Quantum widening of CDT universe

TL;DR

This paper maps the effective description of the CDT universe onto a statistical physics model, revealing phase transitions and quantum corrections, and predicting potential new phases consistent with CDT simulations.

Contribution

It introduces a novel statistical physics model for the CDT universe's effective dynamics, reproducing observed phases and predicting additional phases based on the effective action.

Findings

Reproduces the shape of the quantum universe in CDT

Identifies the emergence of the de-Sitter universe as a condensation transition

Predicts two additional phases depending on model parameters

Abstract

The physical phase of Causal Dynamical Triangulations (CDT) is known to be described by an effective, one-dimensional action in which three-volumes of the underlying foliation of the full CDT play a role of the sole degrees of freedom. Here we map this effective description onto a statistical-physics model of particles distributed on 1d lattice, with site occupation numbers corresponding to the three-volumes.

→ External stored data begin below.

lemma expand:
  "\<phi> (x + sc c y) (x + sc c y) = \<phi> x x + c * \<phi> y x + cnj c * \<phi> x y + cnj c * c * \<phi> y y"
  by (simp add: add_left add_right scale_left scale_right algebra_simps)

lemma hermitian_if_real_diagonal:
  assumes real: "\<And>x. Im (\<phi> x x) = 0" shows "\<phi> y x = cnj (\<phi> x y)"
proof -
  have "Im (\<phi> y x) + Im (\<phi> x y) = 0"
    using real[of "x + sc 1 y"] real[of x] real[of y] by (simp add: expand)
  moreover have "Re (\<phi> y x) - Re (\<phi> x y) = 0"
    using real[of "x + sc \<i> y"] real[of x] real[of y] by (simp add: expand)
  ultimately show ?thesis by (simp add: complex_eq_iff)
qed

lemma orthogonal_to_null_vector:
  assumes pos: "\<And>x. 0 \<le> \<phi> x x" and null: "\<phi> d d = 0" shows "\<phi> x d = 0"
proof (rule ccontr)
  assume nz: "\<phi> x d \<noteq> 0"
  define a where "a = \<phi> x d"
  have "\<phi> d x = cnj a"
    unfolding a_def by (rule hermitian_if_real_diagonal) (use pos in \<open>simp add: less_eq_complex_def\<close>)
  moreover have "(cmod a)\<^sup>2 = Re a * Re a + Im a * Im a"
    unfolding cmod_power2 by (simp add: power2_eq_square)
  ultimately have "Re (\<phi> (x + sc (- of_real t * a) d) (x + sc (- of_real t * a) d))
      = Re (\<phi> x x) - 2 * t * (cmod a)\<^sup>2" for t
    unfolding expand a_def[symmetric] null
    by (simp add: algebra_simps)
  then have "0 \<le> Re (\<phi> x x) - 2 * t * (cmod a)\<^sup>2" for t
    by (metis pos less_eq_complex_def zero_complex.sel(1))
  from this[of "(Re (\<phi> x x) + 1) / (2 * (cmod a)\<^sup>2)"] show False
    using nz unfolding a_def[symmetric] by simp
qed

end

locale cqstar_algebra =
  fixes sc :: "complex \<Rightarrow> 'a::ring_1 \<Rightarrow> 'a" and st :: "'a \<Rightarrow> 'a"
    and n0 n :: "'a \<Rightarrow> real"
    and ix :: "'a \<Rightarrow> 'x::ab_group_add" and scX :: "complex \<Rightarrow> 'x \<Rightarrow> 'x" and nX :: "'x \<Rightarrow> real"
  assumes setting: "cqstar_setting sc st n0 n ix scX nX"
begin

lemma
  shows scale_one: "sc 1 x = x"
    and scale_mult_left: "sc c (x * y) = sc c x * y"
    and scale_mult_right: "sc c (x * y) = x * sc c y"
    and star_add: "st (x + y) = st x + st y"
    and star_scale: "st (sc c x) = sc (cnj c) (st x)"
    and star_mult: "st (x * y) = st y * st x"
    and star_star: "st (st x) = x"
    and n0_nonneg: "0 \<le> n0 x"
    and norm_mult_le: "n (x * y) \<le> n x * n0 y"
    and norm_star: "n (st x) = n x"
  using setting
  unfolding cqstar_setting_def unital_cstar_algebra_def cvector_space_def cq_norm_def is_cnorm_def
  by metis+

We identify the emergence of the quantum de-Sitter universe observed in CDT with the condensation transition known from similar statistical models. Our model correctly reproduces the shape of the quantum universe and allows us to analytically determine quantum corrections to the size of the universe. We also investigate the phase structure of the model and show that it reproduces all three phases observed in computer simulations of CDT. In addition, we predict that two other phases may exists, depending on the exact form of the discretised effective action and boundary conditions. We calculate various quantities such as the distribution of three-volumes in our model and discuss how they can be compared with CDT.